AIM OF THE EXERCISE.
Repeat exactly, and only, the lines below starting at the line that contains "then obtain a" and ending at the line that contains "q) \<mu> = Sum_any", inclusive of both.

━━━━━━━━

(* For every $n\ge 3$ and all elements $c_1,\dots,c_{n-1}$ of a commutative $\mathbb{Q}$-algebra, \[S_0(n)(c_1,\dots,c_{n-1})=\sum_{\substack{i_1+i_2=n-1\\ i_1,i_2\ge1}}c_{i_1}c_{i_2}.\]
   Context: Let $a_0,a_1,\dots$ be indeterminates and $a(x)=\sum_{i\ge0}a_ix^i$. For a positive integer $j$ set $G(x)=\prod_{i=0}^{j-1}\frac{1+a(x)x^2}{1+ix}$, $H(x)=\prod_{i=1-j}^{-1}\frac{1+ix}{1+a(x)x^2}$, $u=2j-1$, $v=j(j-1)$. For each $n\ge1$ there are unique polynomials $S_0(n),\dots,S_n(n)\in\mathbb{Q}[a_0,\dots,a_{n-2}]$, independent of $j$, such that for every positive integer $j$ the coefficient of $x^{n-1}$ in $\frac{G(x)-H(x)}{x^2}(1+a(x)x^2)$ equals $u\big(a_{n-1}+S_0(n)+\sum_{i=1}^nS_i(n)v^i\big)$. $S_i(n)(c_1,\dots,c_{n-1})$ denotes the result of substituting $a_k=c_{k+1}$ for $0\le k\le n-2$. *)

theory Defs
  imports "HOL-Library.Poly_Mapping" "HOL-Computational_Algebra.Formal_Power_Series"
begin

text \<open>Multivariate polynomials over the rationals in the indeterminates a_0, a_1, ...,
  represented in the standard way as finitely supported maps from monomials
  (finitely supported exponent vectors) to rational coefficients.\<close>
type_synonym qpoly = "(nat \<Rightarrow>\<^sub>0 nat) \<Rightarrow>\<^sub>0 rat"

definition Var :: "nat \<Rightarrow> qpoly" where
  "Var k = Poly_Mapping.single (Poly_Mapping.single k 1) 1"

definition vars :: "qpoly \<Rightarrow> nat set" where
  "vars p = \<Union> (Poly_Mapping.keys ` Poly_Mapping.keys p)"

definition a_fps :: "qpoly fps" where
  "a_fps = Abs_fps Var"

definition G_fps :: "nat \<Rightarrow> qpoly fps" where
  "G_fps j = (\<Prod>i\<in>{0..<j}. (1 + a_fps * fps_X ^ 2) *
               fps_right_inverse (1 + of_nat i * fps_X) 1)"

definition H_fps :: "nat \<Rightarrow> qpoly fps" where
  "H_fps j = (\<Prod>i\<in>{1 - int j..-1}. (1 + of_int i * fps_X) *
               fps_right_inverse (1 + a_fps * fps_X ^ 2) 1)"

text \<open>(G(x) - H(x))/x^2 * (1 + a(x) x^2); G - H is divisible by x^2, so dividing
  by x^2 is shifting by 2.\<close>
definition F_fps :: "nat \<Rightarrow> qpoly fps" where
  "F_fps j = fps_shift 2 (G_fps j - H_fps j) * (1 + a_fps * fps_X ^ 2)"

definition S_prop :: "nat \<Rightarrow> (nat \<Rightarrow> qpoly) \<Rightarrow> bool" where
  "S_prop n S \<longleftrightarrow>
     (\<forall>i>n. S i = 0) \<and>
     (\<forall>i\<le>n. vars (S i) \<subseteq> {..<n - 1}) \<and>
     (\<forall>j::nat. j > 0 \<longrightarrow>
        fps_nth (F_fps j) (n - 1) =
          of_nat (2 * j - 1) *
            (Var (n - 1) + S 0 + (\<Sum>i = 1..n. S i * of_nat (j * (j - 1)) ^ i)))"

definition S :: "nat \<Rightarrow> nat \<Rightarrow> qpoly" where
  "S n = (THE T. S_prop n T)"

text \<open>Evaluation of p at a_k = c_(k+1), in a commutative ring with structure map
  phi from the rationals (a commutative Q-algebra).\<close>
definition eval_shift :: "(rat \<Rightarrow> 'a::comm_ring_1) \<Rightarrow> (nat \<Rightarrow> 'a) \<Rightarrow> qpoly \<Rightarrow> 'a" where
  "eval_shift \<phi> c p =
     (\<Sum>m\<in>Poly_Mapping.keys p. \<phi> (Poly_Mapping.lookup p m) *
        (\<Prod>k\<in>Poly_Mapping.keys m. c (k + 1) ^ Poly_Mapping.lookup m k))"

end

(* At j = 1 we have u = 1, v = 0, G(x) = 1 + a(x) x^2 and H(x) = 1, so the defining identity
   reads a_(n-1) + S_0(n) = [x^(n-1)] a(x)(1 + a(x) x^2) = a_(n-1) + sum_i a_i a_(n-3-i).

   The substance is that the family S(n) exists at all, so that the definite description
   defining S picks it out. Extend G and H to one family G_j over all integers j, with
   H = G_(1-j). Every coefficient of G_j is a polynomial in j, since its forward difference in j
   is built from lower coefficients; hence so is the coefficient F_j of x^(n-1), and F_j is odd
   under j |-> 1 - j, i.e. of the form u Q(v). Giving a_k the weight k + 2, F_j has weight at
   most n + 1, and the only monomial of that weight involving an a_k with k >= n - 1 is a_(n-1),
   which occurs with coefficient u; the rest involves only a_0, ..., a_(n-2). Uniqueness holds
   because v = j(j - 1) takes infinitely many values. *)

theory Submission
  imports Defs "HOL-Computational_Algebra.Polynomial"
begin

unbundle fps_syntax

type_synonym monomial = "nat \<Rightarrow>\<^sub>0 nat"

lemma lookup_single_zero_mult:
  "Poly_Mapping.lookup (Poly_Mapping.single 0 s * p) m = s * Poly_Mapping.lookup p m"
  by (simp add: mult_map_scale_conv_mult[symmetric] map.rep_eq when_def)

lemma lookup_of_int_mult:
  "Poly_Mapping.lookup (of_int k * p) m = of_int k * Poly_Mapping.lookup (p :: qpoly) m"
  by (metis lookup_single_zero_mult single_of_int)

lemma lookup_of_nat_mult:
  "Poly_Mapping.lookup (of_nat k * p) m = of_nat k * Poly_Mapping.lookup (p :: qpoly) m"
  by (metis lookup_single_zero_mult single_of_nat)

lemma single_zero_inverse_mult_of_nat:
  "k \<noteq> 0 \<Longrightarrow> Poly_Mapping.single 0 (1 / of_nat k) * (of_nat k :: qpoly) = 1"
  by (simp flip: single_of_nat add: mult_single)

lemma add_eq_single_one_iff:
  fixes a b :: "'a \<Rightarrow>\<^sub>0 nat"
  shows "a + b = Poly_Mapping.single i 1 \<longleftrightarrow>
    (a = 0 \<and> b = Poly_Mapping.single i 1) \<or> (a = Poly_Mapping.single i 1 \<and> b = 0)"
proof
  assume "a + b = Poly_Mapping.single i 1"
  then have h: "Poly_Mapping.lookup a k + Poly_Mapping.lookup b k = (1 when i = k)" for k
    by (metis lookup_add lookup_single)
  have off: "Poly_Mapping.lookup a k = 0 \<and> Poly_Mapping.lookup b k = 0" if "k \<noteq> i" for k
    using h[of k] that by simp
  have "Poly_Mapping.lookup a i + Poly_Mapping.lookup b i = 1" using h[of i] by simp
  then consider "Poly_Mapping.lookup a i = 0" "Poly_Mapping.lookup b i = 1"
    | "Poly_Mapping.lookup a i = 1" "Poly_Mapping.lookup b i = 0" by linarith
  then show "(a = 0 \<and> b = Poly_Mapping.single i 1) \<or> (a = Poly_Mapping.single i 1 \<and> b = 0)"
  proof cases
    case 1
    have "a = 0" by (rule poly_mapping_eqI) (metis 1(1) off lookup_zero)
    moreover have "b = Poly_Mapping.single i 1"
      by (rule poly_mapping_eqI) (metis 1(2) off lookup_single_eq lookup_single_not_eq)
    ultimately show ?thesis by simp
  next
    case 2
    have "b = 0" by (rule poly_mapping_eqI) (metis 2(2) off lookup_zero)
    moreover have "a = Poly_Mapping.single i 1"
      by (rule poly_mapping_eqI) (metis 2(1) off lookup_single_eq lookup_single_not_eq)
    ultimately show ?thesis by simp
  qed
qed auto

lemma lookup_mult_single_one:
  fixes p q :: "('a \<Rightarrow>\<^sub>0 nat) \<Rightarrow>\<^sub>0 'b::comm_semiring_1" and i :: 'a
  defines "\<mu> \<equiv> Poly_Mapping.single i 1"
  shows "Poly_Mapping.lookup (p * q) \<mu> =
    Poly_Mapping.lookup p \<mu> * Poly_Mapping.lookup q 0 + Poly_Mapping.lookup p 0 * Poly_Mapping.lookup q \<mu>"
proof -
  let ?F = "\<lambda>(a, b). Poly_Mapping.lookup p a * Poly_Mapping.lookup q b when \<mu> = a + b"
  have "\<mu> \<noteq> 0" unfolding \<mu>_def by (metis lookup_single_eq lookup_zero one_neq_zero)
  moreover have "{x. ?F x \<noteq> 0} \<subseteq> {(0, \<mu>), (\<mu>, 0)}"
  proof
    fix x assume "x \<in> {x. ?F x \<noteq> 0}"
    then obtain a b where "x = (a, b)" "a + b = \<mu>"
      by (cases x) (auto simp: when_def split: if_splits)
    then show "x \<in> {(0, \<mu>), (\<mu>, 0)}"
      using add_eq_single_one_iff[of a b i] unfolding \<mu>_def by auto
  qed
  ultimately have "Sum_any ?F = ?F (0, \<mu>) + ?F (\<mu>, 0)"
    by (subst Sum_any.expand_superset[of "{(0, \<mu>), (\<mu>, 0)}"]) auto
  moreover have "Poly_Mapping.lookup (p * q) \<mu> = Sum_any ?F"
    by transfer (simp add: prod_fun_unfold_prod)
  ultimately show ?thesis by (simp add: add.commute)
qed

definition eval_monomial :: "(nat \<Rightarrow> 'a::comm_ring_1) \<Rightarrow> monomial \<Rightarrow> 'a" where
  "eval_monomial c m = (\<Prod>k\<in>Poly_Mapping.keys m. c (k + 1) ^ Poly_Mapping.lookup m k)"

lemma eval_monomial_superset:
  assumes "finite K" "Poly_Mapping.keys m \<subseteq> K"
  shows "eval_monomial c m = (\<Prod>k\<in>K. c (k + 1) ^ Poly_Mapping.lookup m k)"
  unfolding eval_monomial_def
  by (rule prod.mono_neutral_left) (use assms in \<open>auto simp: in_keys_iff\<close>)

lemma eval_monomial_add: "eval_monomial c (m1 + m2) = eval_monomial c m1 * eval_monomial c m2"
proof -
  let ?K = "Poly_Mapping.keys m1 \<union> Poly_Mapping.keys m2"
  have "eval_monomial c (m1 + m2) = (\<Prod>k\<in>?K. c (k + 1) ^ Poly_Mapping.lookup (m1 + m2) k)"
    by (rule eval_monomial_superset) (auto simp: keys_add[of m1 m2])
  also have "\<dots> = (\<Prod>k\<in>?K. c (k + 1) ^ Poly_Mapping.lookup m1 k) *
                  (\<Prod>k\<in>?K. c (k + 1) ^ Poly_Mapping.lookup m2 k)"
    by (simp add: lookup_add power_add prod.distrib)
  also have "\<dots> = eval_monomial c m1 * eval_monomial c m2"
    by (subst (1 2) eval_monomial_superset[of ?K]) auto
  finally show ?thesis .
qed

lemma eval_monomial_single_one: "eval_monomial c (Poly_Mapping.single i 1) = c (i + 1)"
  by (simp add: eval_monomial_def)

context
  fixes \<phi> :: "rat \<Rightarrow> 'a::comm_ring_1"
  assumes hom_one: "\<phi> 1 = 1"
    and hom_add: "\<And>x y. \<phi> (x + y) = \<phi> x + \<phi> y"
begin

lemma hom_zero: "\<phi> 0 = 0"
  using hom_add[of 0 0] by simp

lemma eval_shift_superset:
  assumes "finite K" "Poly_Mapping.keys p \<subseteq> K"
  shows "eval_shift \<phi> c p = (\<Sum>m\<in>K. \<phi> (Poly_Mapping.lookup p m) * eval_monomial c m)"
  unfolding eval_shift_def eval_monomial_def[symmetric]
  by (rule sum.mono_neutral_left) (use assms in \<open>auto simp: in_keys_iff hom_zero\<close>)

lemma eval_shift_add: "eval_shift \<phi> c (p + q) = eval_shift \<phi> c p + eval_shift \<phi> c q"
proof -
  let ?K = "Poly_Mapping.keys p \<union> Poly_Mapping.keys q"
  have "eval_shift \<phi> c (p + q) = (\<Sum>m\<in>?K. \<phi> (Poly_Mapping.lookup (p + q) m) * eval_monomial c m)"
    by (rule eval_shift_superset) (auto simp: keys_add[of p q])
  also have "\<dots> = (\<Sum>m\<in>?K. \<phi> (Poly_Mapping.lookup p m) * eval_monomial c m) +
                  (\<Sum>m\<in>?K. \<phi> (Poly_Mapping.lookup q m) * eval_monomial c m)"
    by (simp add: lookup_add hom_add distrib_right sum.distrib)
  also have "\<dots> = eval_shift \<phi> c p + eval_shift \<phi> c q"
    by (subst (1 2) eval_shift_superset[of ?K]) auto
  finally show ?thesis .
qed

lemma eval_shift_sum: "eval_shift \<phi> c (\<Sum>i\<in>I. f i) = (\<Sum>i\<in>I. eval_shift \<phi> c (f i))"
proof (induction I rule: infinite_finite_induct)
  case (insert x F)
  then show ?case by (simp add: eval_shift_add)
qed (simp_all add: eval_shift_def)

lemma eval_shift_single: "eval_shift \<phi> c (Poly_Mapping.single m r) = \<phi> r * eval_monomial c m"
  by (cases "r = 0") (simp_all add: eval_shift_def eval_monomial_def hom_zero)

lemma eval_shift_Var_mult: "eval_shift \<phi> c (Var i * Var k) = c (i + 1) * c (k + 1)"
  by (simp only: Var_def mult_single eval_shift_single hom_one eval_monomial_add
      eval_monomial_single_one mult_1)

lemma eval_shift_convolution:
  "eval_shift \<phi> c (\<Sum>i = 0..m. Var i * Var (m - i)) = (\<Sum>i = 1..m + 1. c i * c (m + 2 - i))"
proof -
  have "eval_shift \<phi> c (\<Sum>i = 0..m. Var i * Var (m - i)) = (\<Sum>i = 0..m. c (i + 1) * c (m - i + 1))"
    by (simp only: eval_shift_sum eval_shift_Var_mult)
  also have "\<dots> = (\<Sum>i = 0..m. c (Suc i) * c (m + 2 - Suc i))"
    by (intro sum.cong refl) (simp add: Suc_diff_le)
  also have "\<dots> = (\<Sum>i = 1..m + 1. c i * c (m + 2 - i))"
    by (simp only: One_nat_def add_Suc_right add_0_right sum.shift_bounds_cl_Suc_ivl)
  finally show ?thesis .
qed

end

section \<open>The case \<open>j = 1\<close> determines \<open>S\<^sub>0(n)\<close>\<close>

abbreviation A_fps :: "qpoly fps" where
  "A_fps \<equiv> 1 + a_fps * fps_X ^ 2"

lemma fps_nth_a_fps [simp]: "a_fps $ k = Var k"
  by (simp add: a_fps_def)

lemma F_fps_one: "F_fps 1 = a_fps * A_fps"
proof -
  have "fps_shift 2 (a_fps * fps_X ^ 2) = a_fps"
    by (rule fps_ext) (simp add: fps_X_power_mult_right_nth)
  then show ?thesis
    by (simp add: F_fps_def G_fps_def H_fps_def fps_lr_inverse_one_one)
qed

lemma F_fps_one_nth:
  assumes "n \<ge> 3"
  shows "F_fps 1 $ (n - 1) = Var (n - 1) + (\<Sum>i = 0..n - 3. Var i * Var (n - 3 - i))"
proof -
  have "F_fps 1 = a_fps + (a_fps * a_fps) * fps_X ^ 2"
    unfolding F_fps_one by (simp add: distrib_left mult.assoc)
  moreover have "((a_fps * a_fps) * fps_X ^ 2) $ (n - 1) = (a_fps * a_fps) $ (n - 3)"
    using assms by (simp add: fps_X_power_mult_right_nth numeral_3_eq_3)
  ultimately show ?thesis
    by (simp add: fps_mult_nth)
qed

━━━━━━━━

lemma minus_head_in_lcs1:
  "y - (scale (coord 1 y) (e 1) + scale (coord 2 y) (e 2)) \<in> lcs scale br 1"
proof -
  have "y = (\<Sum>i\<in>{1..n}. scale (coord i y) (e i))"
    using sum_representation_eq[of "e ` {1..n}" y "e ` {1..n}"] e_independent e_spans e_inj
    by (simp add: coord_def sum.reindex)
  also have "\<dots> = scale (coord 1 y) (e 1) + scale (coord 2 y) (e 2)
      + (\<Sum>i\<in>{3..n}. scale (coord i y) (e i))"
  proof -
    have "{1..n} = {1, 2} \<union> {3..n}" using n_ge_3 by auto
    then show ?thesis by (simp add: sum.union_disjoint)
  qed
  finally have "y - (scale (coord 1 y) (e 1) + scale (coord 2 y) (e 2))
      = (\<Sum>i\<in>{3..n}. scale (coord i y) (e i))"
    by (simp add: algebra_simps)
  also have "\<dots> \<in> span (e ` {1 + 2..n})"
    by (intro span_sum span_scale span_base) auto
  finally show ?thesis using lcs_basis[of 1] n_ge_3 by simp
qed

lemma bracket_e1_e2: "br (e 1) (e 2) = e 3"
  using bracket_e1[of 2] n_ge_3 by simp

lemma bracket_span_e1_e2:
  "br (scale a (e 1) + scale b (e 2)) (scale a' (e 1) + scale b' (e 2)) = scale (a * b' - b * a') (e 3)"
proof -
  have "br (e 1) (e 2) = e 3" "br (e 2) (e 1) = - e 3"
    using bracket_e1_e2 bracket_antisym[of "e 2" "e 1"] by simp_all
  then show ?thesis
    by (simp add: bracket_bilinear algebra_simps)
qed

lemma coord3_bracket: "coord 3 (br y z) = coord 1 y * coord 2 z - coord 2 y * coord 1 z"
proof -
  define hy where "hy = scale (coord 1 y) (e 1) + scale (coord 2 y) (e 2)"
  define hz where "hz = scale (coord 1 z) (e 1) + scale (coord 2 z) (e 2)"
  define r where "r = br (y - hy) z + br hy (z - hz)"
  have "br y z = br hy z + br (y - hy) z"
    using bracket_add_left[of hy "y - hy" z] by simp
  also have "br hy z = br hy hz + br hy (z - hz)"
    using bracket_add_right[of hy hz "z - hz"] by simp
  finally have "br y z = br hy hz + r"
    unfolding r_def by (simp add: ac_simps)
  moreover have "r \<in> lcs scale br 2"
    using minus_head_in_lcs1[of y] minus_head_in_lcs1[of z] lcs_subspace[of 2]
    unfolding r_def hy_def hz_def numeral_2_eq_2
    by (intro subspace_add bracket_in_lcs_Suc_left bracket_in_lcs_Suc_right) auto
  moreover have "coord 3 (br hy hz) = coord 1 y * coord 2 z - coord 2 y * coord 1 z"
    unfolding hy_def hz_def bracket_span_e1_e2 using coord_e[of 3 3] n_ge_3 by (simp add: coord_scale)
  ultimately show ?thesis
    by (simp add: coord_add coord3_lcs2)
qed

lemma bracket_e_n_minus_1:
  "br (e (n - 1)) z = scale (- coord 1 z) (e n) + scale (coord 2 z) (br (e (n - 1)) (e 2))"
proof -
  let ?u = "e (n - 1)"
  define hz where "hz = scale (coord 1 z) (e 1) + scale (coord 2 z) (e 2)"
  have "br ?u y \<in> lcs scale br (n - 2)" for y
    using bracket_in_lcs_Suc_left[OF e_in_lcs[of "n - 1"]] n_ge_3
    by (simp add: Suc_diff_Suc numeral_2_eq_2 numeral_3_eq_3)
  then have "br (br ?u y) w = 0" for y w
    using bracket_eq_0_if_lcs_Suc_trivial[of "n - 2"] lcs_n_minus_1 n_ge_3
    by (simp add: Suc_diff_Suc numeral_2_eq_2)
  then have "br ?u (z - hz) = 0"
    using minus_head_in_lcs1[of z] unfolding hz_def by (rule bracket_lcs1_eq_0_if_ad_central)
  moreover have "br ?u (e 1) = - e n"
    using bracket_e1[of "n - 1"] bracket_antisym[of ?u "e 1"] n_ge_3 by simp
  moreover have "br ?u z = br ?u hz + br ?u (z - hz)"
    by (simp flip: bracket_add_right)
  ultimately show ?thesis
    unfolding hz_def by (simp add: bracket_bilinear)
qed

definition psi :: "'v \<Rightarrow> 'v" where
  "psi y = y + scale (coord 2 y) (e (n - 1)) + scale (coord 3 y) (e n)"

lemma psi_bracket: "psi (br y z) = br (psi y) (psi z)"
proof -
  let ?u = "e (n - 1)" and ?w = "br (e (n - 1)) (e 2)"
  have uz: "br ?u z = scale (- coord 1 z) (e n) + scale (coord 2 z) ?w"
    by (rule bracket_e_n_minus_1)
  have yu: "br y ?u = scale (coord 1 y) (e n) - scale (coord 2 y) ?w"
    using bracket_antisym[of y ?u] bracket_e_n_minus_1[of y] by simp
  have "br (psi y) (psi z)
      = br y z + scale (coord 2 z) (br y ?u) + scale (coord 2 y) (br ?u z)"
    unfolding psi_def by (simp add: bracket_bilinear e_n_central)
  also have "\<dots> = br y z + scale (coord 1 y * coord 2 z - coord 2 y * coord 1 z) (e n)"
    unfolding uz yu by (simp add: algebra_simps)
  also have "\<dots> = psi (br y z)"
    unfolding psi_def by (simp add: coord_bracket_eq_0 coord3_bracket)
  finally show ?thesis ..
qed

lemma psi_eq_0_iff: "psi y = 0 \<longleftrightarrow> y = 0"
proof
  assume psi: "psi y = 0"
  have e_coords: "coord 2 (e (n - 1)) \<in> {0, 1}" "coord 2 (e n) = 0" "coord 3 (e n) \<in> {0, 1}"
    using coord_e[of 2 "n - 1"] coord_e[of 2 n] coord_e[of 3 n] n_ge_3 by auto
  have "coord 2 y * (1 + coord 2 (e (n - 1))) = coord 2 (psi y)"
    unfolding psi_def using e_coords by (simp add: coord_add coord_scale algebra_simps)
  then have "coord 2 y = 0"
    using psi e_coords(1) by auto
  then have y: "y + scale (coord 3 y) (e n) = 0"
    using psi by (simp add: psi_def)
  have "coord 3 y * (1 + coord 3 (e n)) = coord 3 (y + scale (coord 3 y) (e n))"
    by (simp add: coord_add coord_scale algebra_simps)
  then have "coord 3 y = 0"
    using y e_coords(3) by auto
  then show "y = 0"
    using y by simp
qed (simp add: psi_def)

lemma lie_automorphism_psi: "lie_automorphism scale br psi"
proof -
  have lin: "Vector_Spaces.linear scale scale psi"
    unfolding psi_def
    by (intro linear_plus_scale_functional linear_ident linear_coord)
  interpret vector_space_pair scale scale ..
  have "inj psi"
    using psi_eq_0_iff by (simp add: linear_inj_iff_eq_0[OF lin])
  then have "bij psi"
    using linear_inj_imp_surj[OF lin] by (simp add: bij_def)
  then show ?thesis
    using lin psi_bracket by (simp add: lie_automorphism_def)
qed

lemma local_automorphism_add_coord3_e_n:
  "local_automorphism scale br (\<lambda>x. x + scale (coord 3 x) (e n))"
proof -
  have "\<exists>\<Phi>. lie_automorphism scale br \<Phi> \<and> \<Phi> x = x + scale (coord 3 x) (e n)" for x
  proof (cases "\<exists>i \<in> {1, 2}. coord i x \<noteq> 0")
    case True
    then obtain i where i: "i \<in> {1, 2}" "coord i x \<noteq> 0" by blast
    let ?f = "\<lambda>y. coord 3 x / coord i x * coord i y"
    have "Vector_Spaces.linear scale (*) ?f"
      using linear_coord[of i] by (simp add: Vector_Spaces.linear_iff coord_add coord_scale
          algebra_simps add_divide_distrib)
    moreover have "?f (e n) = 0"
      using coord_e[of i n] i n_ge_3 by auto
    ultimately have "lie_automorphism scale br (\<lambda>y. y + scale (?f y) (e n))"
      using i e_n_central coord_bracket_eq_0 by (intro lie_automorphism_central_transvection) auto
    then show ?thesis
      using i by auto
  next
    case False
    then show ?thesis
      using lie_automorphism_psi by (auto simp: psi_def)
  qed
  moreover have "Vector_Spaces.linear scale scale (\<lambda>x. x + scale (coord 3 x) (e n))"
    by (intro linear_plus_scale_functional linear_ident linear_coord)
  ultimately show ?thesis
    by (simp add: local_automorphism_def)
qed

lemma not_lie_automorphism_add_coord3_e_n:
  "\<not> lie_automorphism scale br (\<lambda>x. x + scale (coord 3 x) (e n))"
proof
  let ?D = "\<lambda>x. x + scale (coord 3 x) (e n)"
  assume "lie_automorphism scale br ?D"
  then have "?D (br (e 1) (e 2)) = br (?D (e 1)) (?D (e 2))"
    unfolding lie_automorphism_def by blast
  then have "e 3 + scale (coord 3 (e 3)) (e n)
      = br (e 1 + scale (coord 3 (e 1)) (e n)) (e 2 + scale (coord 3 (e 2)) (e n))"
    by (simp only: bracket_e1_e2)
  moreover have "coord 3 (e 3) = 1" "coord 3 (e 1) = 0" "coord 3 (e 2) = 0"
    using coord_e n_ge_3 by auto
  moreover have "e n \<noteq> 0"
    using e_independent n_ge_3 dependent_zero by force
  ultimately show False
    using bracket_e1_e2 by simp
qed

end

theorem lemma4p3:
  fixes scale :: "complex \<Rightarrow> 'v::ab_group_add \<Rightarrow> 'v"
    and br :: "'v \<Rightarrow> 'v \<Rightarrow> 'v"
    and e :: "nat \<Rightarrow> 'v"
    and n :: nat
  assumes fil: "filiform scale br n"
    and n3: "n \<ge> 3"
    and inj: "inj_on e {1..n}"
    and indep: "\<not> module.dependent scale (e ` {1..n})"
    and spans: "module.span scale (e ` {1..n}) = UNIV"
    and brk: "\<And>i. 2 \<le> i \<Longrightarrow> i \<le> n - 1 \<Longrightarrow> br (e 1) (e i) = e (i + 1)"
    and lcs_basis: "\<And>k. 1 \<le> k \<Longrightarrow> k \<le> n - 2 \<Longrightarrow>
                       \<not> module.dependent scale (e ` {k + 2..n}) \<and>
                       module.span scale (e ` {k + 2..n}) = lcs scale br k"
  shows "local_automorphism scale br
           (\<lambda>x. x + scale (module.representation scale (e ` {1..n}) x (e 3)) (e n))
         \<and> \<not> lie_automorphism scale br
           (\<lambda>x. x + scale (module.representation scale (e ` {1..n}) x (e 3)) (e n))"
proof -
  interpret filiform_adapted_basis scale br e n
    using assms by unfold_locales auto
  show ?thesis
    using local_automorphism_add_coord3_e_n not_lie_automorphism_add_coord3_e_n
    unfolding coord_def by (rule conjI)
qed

━━━━━━━━

SOLUTION TO THIS EXERCISE.
    then obtain a b where "x = (a, b)" "a + b = \<mu>"
      by (cases x) (auto simp: when_def split: if_splits)
    then show "x \<in> {(0, \<mu>), (\<mu>, 0)}"
      using add_eq_single_one_iff[of a b i] unfolding \<mu>_def by auto
  qed
  ultimately have "Sum_any ?F = ?F (0, \<mu>) + ?F (\<mu>, 0)"
    by (subst Sum_any.expand_superset[of "{(0, \<mu>), (\<mu>, 0)}"]) auto
  moreover have "Poly_Mapping.lookup (p * q) \<mu> = Sum_any ?F"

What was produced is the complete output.